基于多种数据筛选的维汉神经机器翻译

(新疆大学信息科学与工程学院 新疆多语种信息技术重点实验室,新疆 乌鲁木齐 830046)

维汉翻译; 自注意力机制; 低资源翻译

Uyghur-Chinese neural machine translation system based on multiple data filtering
YI Nian,AISHAN Wumaier,MAIHEMUTI Maimaiti,TURGUN Ibrayim

(Xinjiang Laboratory of Multi-Language Information Technology,College of Information Science and Engineering,Xinjiang University,Urumqi 830046)

Uyghur-to-Chinese translation; self attention mechanism; low resource translation

DOI: 10.6043/j.issn.0438-0479.202111038

备注

为了得到更好的翻译结果,研究者对于利用平行数据生成大量高质量生成数据进行了广泛的研究.为此,针对数据增强和系统训练方法,提出结合知识蒸馏、数据增强和数据筛选的方法得到高质量生成数据.具体为利用知识蒸馏的方法得到鲁棒性更强的汉维翻译模型,在该汉维模型的基础之上通过反向翻译的方法生成质量较好的生成数据,并利用不同的数据筛选方法进一步得到高质量生成数据.之后利用现有的平行数据和生成数据训练得到一个高性能的维吾尔语-汉语神经机器翻译系统.在CCMT2021维汉评测任务中验证上述方法对于维汉翻译质量的影响,对比基线系统、反向翻译和同任务其他系统,该方法训练得到的系统有着更好的翻译结果,并在该翻译任务上获得了第一名.

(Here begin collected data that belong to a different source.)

lemma variational_equation:
  fixes Th :: "real \<Rightarrow> real \<Rightarrow> real" and A \<phi> :: "real \<Rightarrow> real"
  assumes cont: "continuous_on UNIV (\<lambda>p. Th (fst p) (snd p))"
    and diff: "\<And>t y. Th t differentiable (at y)"
    and contd: "continuous_on UNIV (\<lambda>p. deriv (Th (fst p)) (snd p))"
    and ode: "\<And>t y. ((\<lambda>s. Th s y) has_real_derivative \<omega> - A t * sin (Th t y - \<phi> t)) (at t)"
    and bound: "\<And>t. \<bar>A t\<bar> \<le> M"
  shows "((\<lambda>s. deriv (Th s) \<theta>) has_real_derivative - A t * cos (Th t \<theta> - \<phi> t) * deriv (Th t) \<theta>) (at t)"
proof -
  \<comment> \<open>The \<open>\<theta>\<close>-difference quotients \<open>F n\<close> converge to \<open>deriv (Th x) \<theta>\<close> and their time derivatives
    converge uniformly near \<open>t\<close>, so the limit may be differentiated termwise.\<close>
  define h where "h n = inverse (real (Suc n))" for n
  define F where "F n x = (Th x (\<theta> + h n) - Th x \<theta>) / h n" for n x
  define F' where "F' n x = - A x * ((sin (Th x (\<theta> + h n) - \<phi> x) - sin (Th x \<theta> - \<phi> x)) / h n)" for n x
  define G' where "G' x = - A x * cos (Th x \<theta> - \<phi> x) * deriv (Th x) \<theta>" for x
  define S where "S = ball t (1::real)"
  have F_deriv: "(F n has_derivative (\<lambda>d. F' n x * d)) (at x within S)" for n x
  proof -
    have "(F n has_real_derivative ((\<omega> - A x * sin (Th x (\<theta> + h n) - \<phi> x)) - (\<omega> - A x * sin (Th x \<theta> - \<phi> x))) / h n) (at x)"
      unfolding F_def by (intro DERIV_cdivide DERIV_diff ode)
    moreover have "((\<omega> - A x * sin (Th x (\<theta> + h n) - \<phi> x)) - (\<omega> - A x * sin (Th x \<theta> - \<phi> x))) / h n = F' n x"
      by (simp add: F'_def algebra_simps diff_divide_distrib)
    ultimately have "(F n has_real_derivative F' n x) (at x within S)"
      by (simp add: has_field_derivative_at_within)
    then show ?thesis
      by (simp add: has_field_derivative_def)
  qed
  have F'_uniform: "\<forall>\<^sub>F n in sequentially. \<forall>x\<in>S. \<forall>d. norm (F' n x * d - G' x * d) \<le> e * norm d"
    if "e > 0" for e
  proof -
    have M: "M \<ge> 0" using bound[of 0] by linarith
    obtain \<delta> where "\<delta> > 0" and \<delta>: "\<And>x h c. x \<in> cball t 1 \<Longrightarrow> 0 < h \<Longrightarrow> h < \<delta> \<Longrightarrow>
        \<bar>(sin (Th x (\<theta> + h) - c) - sin (Th x \<theta> - c)) / h - cos (Th x \<theta> - c) * deriv (Th x) \<theta>\<bar> \<le> e / (M + 1)"
      using uniform_sin_difference_quotient[OF cont diff contd, of "e / (M + 1)" t \<theta>] \<open>e > 0\<close> M by auto
    have "\<forall>\<^sub>F n in sequentially. h n < \<delta>"
      using order_tendstoD(2)[OF LIMSEQ_inverse_real_of_nat \<open>\<delta> > 0\<close>] by (simp add: h_def)
    then show ?thesis
    proof eventually_elim
      case (elim n)
      show ?case
      proof (intro ballI allI)
        fix x d assume "x \<in> S"
        let ?q = "(sin (Th x (\<theta> + h n) - \<phi> x) - sin (Th x \<theta> - \<phi> x)) / h n - cos (Th x \<theta> - \<phi> x) * deriv (Th x) \<theta>"
        have "\<bar>?q\<bar> \<le> e / (M + 1)"
          using \<delta>[of x "h n" "\<phi> x"] elim \<open>x \<in> S\<close> by (simp add: S_def h_def)
        moreover have "F' n x - G' x = - A x * ?q"
          by (simp add: F'_def G'_def algebra_simps)
        ultimately have "\<bar>F' n x - G' x\<bar> \<le> \<bar>A x\<bar> * (e / (M + 1))"
          by (simp only: abs_mult abs_minus) (rule mult_left_mono, simp_all)
        also have "\<dots> \<le> M * (e / (M + 1))"
          using bound[of x] \<open>e > 0\<close> M by (intro mult_right_mono) auto
        also have "\<dots> \<le> e"
          using \<open>e > 0\<close> M by (simp add: field_simps)
        finally have "\<bar>F' n x - G' x\<bar> * \<bar>d\<bar> \<le> e * \<bar>d\<bar>"
          by (rule mult_right_mono) simp
        then show "norm (F' n x * d - G' x * d) \<le> e * norm d"
          by (simp add: abs_mult flip: left_diff_distrib)
      qed
    qed
  qed
  have F_lim: "(\<lambda>n. F n x) \<longlonglongrightarrow> deriv (Th x) \<theta>" for x
    unfolding F_def h_def
    by (rule difference_quotient_LIMSEQ[OF _ _ LIMSEQ_inverse_real_of_nat]) (use diff in \<open>auto simp: DERIV_deriv_iff_real_differentiable\<close>)
  obtain g where g: "\<forall>x\<in>S. (\<lambda>n. F n x) \<longlonglongrightarrow> g x \<and> (g has_derivative (\<lambda>d. G' x * d)) (at x within S)"
    using has_derivative_sequence[of S F "\<lambda>n x d. F' n x * d" "\<lambda>x d. G' x * d" t, OF _ F_deriv F'_uniform _ F_lim]
    by (auto simp: S_def)
  have g_eq: "g x = deriv (Th x) \<theta>" if "x \<in> S" for x
    using g that F_lim LIMSEQ_unique by blast
  have "(g has_real_derivative G' t) (at t)"
  proof -
    have "t \<in> S" "open S" by (auto simp: S_def)
    then show ?thesis
      using g at_within_open[of t S] unfolding has_field_derivative_def by metis
  qed
  then show ?thesis
    unfolding G'_def by (rule has_field_derivative_transform_within_open[where S = S]) (auto simp: S_def g_eq)
qed
theorem theorem4p3:
  fixes q :: nat
  assumes "even q" and "q \<ge> 2"
  shows
   "card (basis q) = q + 1 \<and>
    fpdim_ring q = of_nat (q * (q\<^sup>2 - 1)) \<and>
    fpdim q One = 1 \<and>
    (\<forall>c\<in>{1..q div 2}. fpdim q (Xm c) = of_nat (q - 1)) \<and>
    fpdim q Xq = of_nat q \<and>
    (\<forall>c\<in>{1..(q - 2) div 2}. fpdim q (Xp c) = of_nat (q + 1)) \<and>
    (\<forall>x\<in>basis q. \<forall>y\<in>basis q. \<forall>z\<in>basis q. fus q x y z = fus q y x z) \<and>
    (\<forall>y\<in>basis q. \<forall>z\<in>basis q. fus q One y z = (if y = z then 1 else 0)) \<and>
    (\<forall>c1\<in>{1..q div 2}. \<forall>c2\<in>{1..q div 2}. \<forall>z\<in>basis q.
       fus q (Xm c1) (Xm c2) z = of_nat (case z of
           One \<Rightarrow> (if c1 = c2 then 1 else 0)
         | Xm c3 \<Rightarrow> (if c1 + c2 + c3 \<notin> {q + 1, 2 * max c1 (max c2 c3)} then 1 else 0)
         | Xq \<Rightarrow> (if c1 = c2 then 0 else 1)
         | Xp c3 \<Rightarrow> 1)) \<and>
    (\<forall>c1\<in>{1..q div 2}. \<forall>z\<in>basis q.
       fus q (Xm c1) Xq z = of_nat (case z of
           One \<Rightarrow> 0
         | Xm c2 \<Rightarrow> (if c1 = c2 then 0 else 1)
         | Xq \<Rightarrow> 1
         | Xp c2 \<Rightarrow> 1)) \<and>
    (\<forall>c1\<in>{1..q div 2}. \<forall>c2\<in>{1..(q - 2) div 2}. \<forall>z\<in>basis q.
       fus q (Xm c1) (Xp c2) z = of_nat (case z of
           One \<Rightarrow> 0
         | Xm c3 \<Rightarrow> 1
         | Xq \<Rightarrow> 1
         | Xp c3 \<Rightarrow> 1)) \<and>
    (\<forall>z\<in>basis q. fus q Xq Xq z = 1) \<and>
    (\<forall>c1\<in>{1..(q - 2) div 2}. \<forall>z\<in>basis q.
       fus q Xq (Xp c1) z = of_nat (case z of
           One \<Rightarrow> 0
         | Xm c2 \<Rightarrow> 1
         | Xq \<Rightarrow> 1
         | Xp c2 \<Rightarrow> 1 + (if c1 = c2 then 1 else 0))) \<and>
    (\<forall>c1\<in>{1..(q - 2) div 2}. \<forall>c2\<in>{1..(q - 2) div 2}. \<forall>z\<in>basis q.
       fus q (Xp c1) (Xp c2) z = of_nat (case z of
           One \<Rightarrow> (if c1 = c2 then 1 else 0)
         | Xm c3 \<Rightarrow> 1
         | Xq \<Rightarrow> 1 + (if c1 = c2 then 1 else 0)
         | Xp c3 \<Rightarrow> (if c1 + c2 + c3 \<in> {q - 1, 2 * max c1 (max c2 c3)} then 2 else 1)))"
proof -
  obtain h where "q = 2 * h"
    using assms(1) by (rule evenE)
  then interpret even_q q h
    using assms(2) by unfold_locales auto
  have "card (basis q) = q + 1"
    using card_basis q_eq h_pos by simp
  moreover have "fpdim_ring q = of_nat (q * (q\<^sup>2 - 1))"
  proof -
    have "fpdim_ring q = colnorm q C0"
      by (simp add: fpdim_ring_def fpdim_eq_dim_C0 colnorm_eq dim_C0_def)
    also have "\<dots> = of_nat (q * (q\<^sup>2 - 1))"
      using assms(2) by (simp add: colnorm_C0 of_nat_diff power2_eq_square algebra_simps)
    finally show ?thesis .
  qed
  ultimately show ?thesis
    using q_ge_2
    by (simp add: fpdim_eq_dim_C0 dim_C0_def of_nat_diff fus_One fus_Xm_Xm fus_Xm_Xq
        fus_Xm_Xp fus_Xq_Xq fus_Xq_Xp fus_Xp_Xp) (simp add: fus_commute)
qed

end
(* Let $n\ge1$, let $U_1,\dots,U_n$ be independent Uniform$[0,1]$ random variables, and let $N_t=|\{i:U_i\le t\}|$ for $t\in[0,1]$. Let $t_0=n^{-1/2}$. Then for every real $x$, $$\mathbb P\left[\sup_{t\in[t_0,1]}\frac{N_t}{1+nt}\ge x\right]\le\exp\!\left(1-n^{1/4}(x-1)\right).$$ *)

theory Defs
  imports "HOL-Probability.Probability"
begin

end

theory Submission
  imports Defs
begin

text \<open>
  Fix a grid t0 = g 0 < ... < g K = 1 and record each U_i only through its level, the grid cell
  containing it. Since N_t/t is a martingale in reversed time, Z_j = exp (\<lambda> N(g j) / g j) is a
  submartingale as j decreases from K to 0; on the finite space of level vectors this is just the
  convexity of exp. Doob's maximal inequality bounds the probability that some Z_j exceeds
  exp (\<lambda> x n) by E Z_0 / exp (\<lambda> x n) = (1 + t0 (exp (\<lambda>/t0) - 1))^n / exp (\<lambda> x n).
  A grid of mesh at most 1/(2n) turns the supremum over t into a maximum over grid points, and
  \<lambda> = t0 n^(-1/4) gives the bound.
\<close>

lemma mult_exp_divide_minus_one_antimono:
  fixes s S lam :: real
  assumes "0 < s" "s \<le> S" "0 \<le> lam"
  shows "S * (exp (lam / S) - 1) \<le> s * (exp (lam / s) - 1)"
proof -
  have S: "0 < S" using assms by linarith
  define t where "t = s / S"
  have t: "0 \<le> t" "t \<le> 1" "t * (lam / s) = lam / S"
    using assms S by (auto simp: t_def divide_simps)
  have "exp ((1 - t) *\<^sub>R 0 + t *\<^sub>R (lam / s)) \<le> (1 - t) * exp 0 + t * exp (lam / s)"
    using convex_onD[OF exp_convex, of t 0 "lam / s"] t by auto
  then have "exp (lam / S) - 1 \<le> t * (exp (lam / s) - 1)"
    using t by (simp add: algebra_simps)
  then have "S * (exp (lam / S) - 1) \<le> S * (t * (exp (lam / s) - 1))"
    using S by (simp add: mult_left_mono)
  also have "\<dots> = s * (exp (lam / s) - 1)"
    using S by (simp add: t_def)
  finally show ?thesis .
qed

lemma sum_prod_PiE_map:
  fixes h :: "'b \<Rightarrow> real" and f :: "'b \<Rightarrow> 'c"
  assumes "finite I" "finite S" "finite T" "f ` S \<subseteq> T"
  shows "(\<Sum>v\<in>{v \<in> I \<rightarrow>\<^sub>E S. P (\<lambda>i\<in>I. f (v i))}. \<Prod>i\<in>I. h (v i))
       = (\<Sum>u\<in>{u \<in> I \<rightarrow>\<^sub>E T. P u}. \<Prod>i\<in>I. \<Sum>k\<in>{k\<in>S. f k = u i}. h k)"
proof -
  let ?fv = "\<lambda>v. \<lambda>i\<in>I. f (v i)"
  have fin: "finite {v \<in> I \<rightarrow>\<^sub>E S. P (?fv v)}" "finite {u \<in> I \<rightarrow>\<^sub>E T. P u}"
    using assms by (simp_all add: finite_PiE)
  have img: "?fv ` {v \<in> I \<rightarrow>\<^sub>E S. P (?fv v)} \<subseteq> {u \<in> I \<rightarrow>\<^sub>E T. P u}"
    using assms(4) by (auto simp: PiE_iff)
  have "(\<Sum>v\<in>{v \<in> I \<rightarrow>\<^sub>E S. P (?fv v)}. \<Prod>i\<in>I. h (v i))
      = (\<Sum>u\<in>{u \<in> I \<rightarrow>\<^sub>E T. P u}. \<Sum>v\<in>{v \<in> {v \<in> I \<rightarrow>\<^sub>E S. P (?fv v)}. ?fv v = u}. \<Prod>i\<in>I. h (v i))"
    by (rule sum.group[OF fin img, symmetric])
  also have "\<dots> = (\<Sum>u\<in>{u \<in> I \<rightarrow>\<^sub>E T. P u}. \<Prod>i\<in>I. \<Sum>k\<in>{k\<in>S. f k = u i}. h k)"
  proof (rule sum.cong[OF refl])
    fix u assume u: "u \<in> {u \<in> I \<rightarrow>\<^sub>E T. P u}"
    have "{v \<in> {v \<in> I \<rightarrow>\<^sub>E S. P (?fv v)}. ?fv v = u} = PiE I (\<lambda>i. {k\<in>S. f k = u i})"
    proof (rule set_eqI)
      fix v
      have "v \<in> I \<rightarrow>\<^sub>E S \<and> ?fv v = u \<longleftrightarrow> v \<in> PiE I (\<lambda>i. {k\<in>S. f k = u i})"
        using u by (auto simp: PiE_iff extensional_def fun_eq_iff)
      then show "v \<in> {v \<in> {v \<in> I \<rightarrow>\<^sub>E S. P (?fv v)}. ?fv v = u} \<longleftrightarrow> v \<in> PiE I (\<lambda>i. {k\<in>S. f k = u i})"
        using u by auto
    qed
    then show "(\<Sum>v\<in>{v \<in> {v \<in> I \<rightarrow>\<^sub>E S. P (?fv v)}. ?fv v = u}. \<Prod>i\<in>I. h (v i))
             = (\<Prod>i\<in>I. \<Sum>k\<in>{k\<in>S. f k = u i}. h k)"
      using assms by (simp add: prod_sum_PiE)
  qed
  finally show ?thesis .
qed

text \<open>
  Doob's maximal inequality on a finite weighted space, for a process run backwards in time:
  \<sigma> m v is what is observed at time m, Z k is a function of it for k \<ge> m, and \<open>submart\<close>
  says E[Z m | \<sigma> (Suc m)] \<ge> Z (Suc m).
\<close>

lemma discrete_maximal_inequality:
  fixes w :: "'v \<Rightarrow> real" and Z :: "nat \<Rightarrow> 'v \<Rightarrow> real" and \<sigma> :: "nat \<Rightarrow> 'v \<Rightarrow> 'b"
  assumes "finite V" and w: "\<And>v. v \<in> V \<Longrightarrow> 0 \<le> w v"
    and adapted: "\<And>m k v v'. m \<le> k \<Longrightarrow> \<sigma> m v = \<sigma> m v' \<Longrightarrow> Z k v = Z k v'"
    and submart: "\<And>m P. m < K \<Longrightarrow>
      (\<Sum>v\<in>{v\<in>V. P (\<sigma> (Suc m) v)}. w v * Z (Suc m) v) \<le> (\<Sum>v\<in>{v\<in>V. P (\<sigma> (Suc m) v)}. w v * Z m v)"
  shows "c * (\<Sum>v\<in>{v\<in>V. \<exists>k\<le>K. c \<le> Z k v}. w v) \<le> (\<Sum>v\<in>{v\<in>V. \<exists>k\<le>K. c \<le> Z k v}. w v * Z 0 v)"
proof -
  define A where "A m = {v\<in>V. \<exists>k\<in>{m..K}. c \<le> Z k v}" for m
  have reached: "c * (\<Sum>v\<in>B. w v) \<le> (\<Sum>v\<in>B. w v * Z m v)" if "B \<subseteq> {v\<in>V. c \<le> Z m v}" for B m
    unfolding sum_distrib_left
  proof (rule sum_mono)
    fix v assume "v \<in> B"
    then have "c * w v \<le> Z m v * w v" using that w by (auto intro: mult_right_mono)
    then show "c * w v \<le> w v * Z m v" by (simp add: mult.commute)
  qed
  have "c * (\<Sum>v\<in>A m. w v) \<le> (\<Sum>v\<in>A m. w v * Z m v)" if "m \<le> K" for m
    using that
  proof (induction m rule: inc_induct)
    case base
    show ?case by (rule reached) (auto simp: A_def)
  next
    case (step m)
    define D where "D = {v\<in>V. c \<le> Z m v} - A (Suc m)"
    have "A m = A (Suc m) \<union> {v\<in>V. c \<le> Z m v}"
      using step.hyps by (auto simp: A_def atLeastAtMost_insertL[symmetric])
    then have split: "A m = A (Suc m) \<union> D" "A (Suc m) \<inter> D = {}"
      by (auto simp: D_def)
    have fin: "finite (A (Suc m))" "finite D"
      using \<open>finite V\<close> by (auto simp: A_def D_def)
    \<comment> \<open>A (Suc m) is determined by \<sigma> (Suc m), so the submartingale property applies to it.\<close>
    have "A (Suc m) = {v\<in>V. (\<lambda>u. \<exists>k\<in>{Suc m..K}. \<exists>v'. \<sigma> (Suc m) v' = u \<and> c \<le> Z k v') (\<sigma> (Suc m) v)}"
      unfolding A_def by auto (metis adapted atLeastAtMost_iff)
    then have "(\<Sum>v\<in>A (Suc m). w v * Z (Suc m) v) \<le> (\<Sum>v\<in>A (Suc m). w v * Z m v)"
      using submart step.hyps by simp
    moreover have "c * (\<Sum>v\<in>D. w v) \<le> (\<Sum>v\<in>D. w v * Z m v)"
      by (rule reached) (auto simp: D_def)
    ultimately show ?case
      using step.IH unfolding split(1) sum.union_disjoint[OF fin split(2)] distrib_left by linarith
  qed
  from this[of 0] show ?thesis by (simp add: A_def atLeast0AtMost Bex_def)
qed

text \<open>
  For a vector v of grid levels, v i \<le> j says that the i-th point lies below g j, so this is
  exp (lam N(g j) / g j) with N counting points (see \<open>exp_scaled_count_levels\<close>).
\<close>

definition exp_scaled_count :: "real \<Rightarrow> (nat \<Rightarrow> real) \<Rightarrow> nat \<Rightarrow> nat \<Rightarrow> (nat \<Rightarrow> nat) \<Rightarrow> real" where
  "exp_scaled_count lam g n j v = (\<Prod>i<n. if v i \<le> j then exp (lam / g j) else 1)"

lemma exp_scaled_count_submartingale:
  fixes p g :: "nat \<Rightarrow> real" and P :: "(nat \<Rightarrow> nat) \<Rightarrow> bool" and n :: nat
  assumes p: "\<And>k. 0 \<le> p k"
    and g: "\<And>j. j \<le> K \<Longrightarrow> (\<Sum>k\<le>j. p k) = g j"
    and g_pos: "\<And>j. j \<le> K \<Longrightarrow> 0 < g j"
    and "m < K" "0 \<le> lam"
  defines "V \<equiv> {v \<in> {..<n} \<rightarrow>\<^sub>E {..Suc K}. P (\<lambda>i\<in>{..<n}. max (v i) (Suc m))}"
  shows "(\<Sum>v\<in>V. (\<Prod>i<n. p (v i)) * exp_scaled_count lam g n (Suc m) v)
       \<le> (\<Sum>v\<in>V. (\<Prod>i<n. p (v i)) * exp_scaled_count lam g n m v)"
proof -
  define \<phi> where "\<phi> j k = (if k \<le> j then exp (lam / g j) else 1)" for j k :: nat
  define fibre where "fibre u = {k\<in>{..Suc K}. max k (Suc m) = u}" for u
  have weighted: "(\<Prod>i<n. p (v i)) * exp_scaled_count lam g n j v = (\<Prod>i<n. p (v i) * \<phi> j (v i))" for j v
    by (simp add: exp_scaled_count_def \<phi>_def prod.distrib)
  have sum_fibre: "(\<Sum>v\<in>V. \<Prod>i<n. p (v i) * \<phi> j (v i))
      = (\<Sum>u\<in>{u \<in> {..<n} \<rightarrow>\<^sub>E {..Suc K}. P u}. \<Prod>i<n. \<Sum>k\<in>fibre (u i). p k * \<phi> j k)" for j
    unfolding V_def fibre_def using \<open>m < K\<close> by (intro sum_prod_PiE_map) auto
  have fibre_le: "(\<Sum>k\<in>fibre u. p k * \<phi> (Suc m) k) \<le> (\<Sum>k\<in>fibre u. p k * \<phi> m k)" for u
  proof (cases "u = Suc m")
    case True
    \<comment> \<open>Only on the merged fibre do the two integrands differ; there convexity of exp decides.\<close>
    have "fibre u = {..Suc m}" using True \<open>m < K\<close> by (auto simp: fibre_def)
    have g_m: "0 < g m" "g m \<le> g (Suc m)" "g (Suc m) = g m + p (Suc m)"
      using g_pos[of m] g[of m] g[of "Suc m"] p[of "Suc m"] \<open>m < K\<close> by auto
    have "(\<Sum>k\<le>Suc m. p k * \<phi> (Suc m) k) = g (Suc m) * (exp (lam / g (Suc m)) - 1) + g (Suc m)"
      using g[of "Suc m"] \<open>m < K\<close> by (simp add: \<phi>_def sum_distrib_right[symmetric] algebra_simps)
    also have "\<dots> \<le> g m * (exp (lam / g m) - 1) + g (Suc m)"
      using mult_exp_divide_minus_one_antimono g_m \<open>0 \<le> lam\<close> by simp
    also have "\<dots> = (\<Sum>k\<le>Suc m. p k * \<phi> m k)"
      using g[of m] g_m \<open>m < K\<close> by (simp add: \<phi>_def sum_distrib_right[symmetric] algebra_simps)
    finally show ?thesis using \<open>fibre u = {..Suc m}\<close> by simp
  next
    case False
    then have "\<phi> (Suc m) k = \<phi> m k" if "k \<in> fibre u" for k
      using that by (auto simp: fibre_def \<phi>_def)
    then show ?thesis by (intro eq_refl sum.cong) simp_all
  qed
  have "0 \<le> \<phi> j k" for j k by (simp add: \<phi>_def)
  then show ?thesis
    unfolding weighted sum_fibre using p
    by (intro fibre_le sum_mono prod_mono conjI sum_nonneg mult_nonneg_nonneg) auto
qed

Objective : To improve the performance of the Uyghur-Chinese translation model, we use the method of knowledge distillation to obtain a more robust Chinese- Uyghur translation model. The reverse translation method generates the generated data with better quality based on the Chinese-Uyghur model. Different data screening methods are used to Get high-quality generated data further. Then, a high-performance Uyghur-Chinese neural machine translation system is obtained using the existing parallel and generated data. In the CCMT2021 Uyghur-Chinese evaluation task, the impact of the above method on the quality of Uyghur-Chinese translation is verified, and it is the first place in this translation task.
Methods : In this paper, various data filtering methods are studied. The generated data are extracted and mixed into actual data according to the scores of generated data obtained by different methods. Then different models are trained using the data obtained by different data screening methods, and these models are integrated to obtain the best translation system. In addition, to obtain a better reverse translation model, the data obtained by the knowledge distillation method are added to the actual data to enhance the robustness of the Chinese-Uygur translation model. Different data screening methods are used to obtain the generated data, and a multi-branch model training method is used to obtain the translation model.
Results : The experiment uses 160,000 Uyghur - Chinese sentence pairs and 6 million Chinese monolingual data. These data are obtained by processing the data provided by the Uyghur - Chinese translation task. This paper conducts a comparative study of different data screening methods, uses different data screening methods to process the generated data, and conducts experiments on different methods with the same amount of data. The experimental results of different data screening methods are similar and are significantly better than those of the baseline model, data distillation, and reverse translation. This result may be due to the method of adding labels when training the translation model with generated data. This method can indicate which data is generated and which is actual, thus making the results of different data filtering methods similar. And it is found in this paper that after fine-tuning the model obtained by data enhancement only with parallel data, the performance of the model decreases, which may be because only training sets are used to fine-tune the model. Result Using the model ensemble method is better than that of a single model, which indicates that the model with better performance can be obtained by an ensemble of the models obtained by different data selection methods. In addition, this paper compares the depth and breadth of models and the impact of different model architecture integration on performance. It is found that deeper models may not lead to better results under low resource conditions. The integration of different model structures is better. In addition, this paper compares the depth and breadth of models and the impact of different model architecture integration on performance. It is found that deeper models may not lead to better results under low resource conditions. The integration of different model structures is better. In the CCMT2021 Uyghur-Chinese translation task, compared with the baseline system, reverse translation, and other systems for the same task, our system trained has better translation results, and it is the first place in this translation task.
Conclusions : To improve the performance of the Uyghur - Chinese translation model, we use reverse translation, knowledge distillation, fine-tuning, model averaging, and Ensemble integration. At the same time, this paper also compares different data filtering methods, hoping to continue to study data enhancement methods through these comparative experiments. Due to the instability of interpolation methods for fusion methods, this paper hopes to combine domain similarity and data quality filtering from the root rather than just using the interpolation method to fuse different methods. This paper hopes to combine the advantages of dynamic convolution and Transformer models in the following research to achieve better results in low-resource translation tasks. It also hopes to try deeper models on the Transformer model and integrate models with different structures.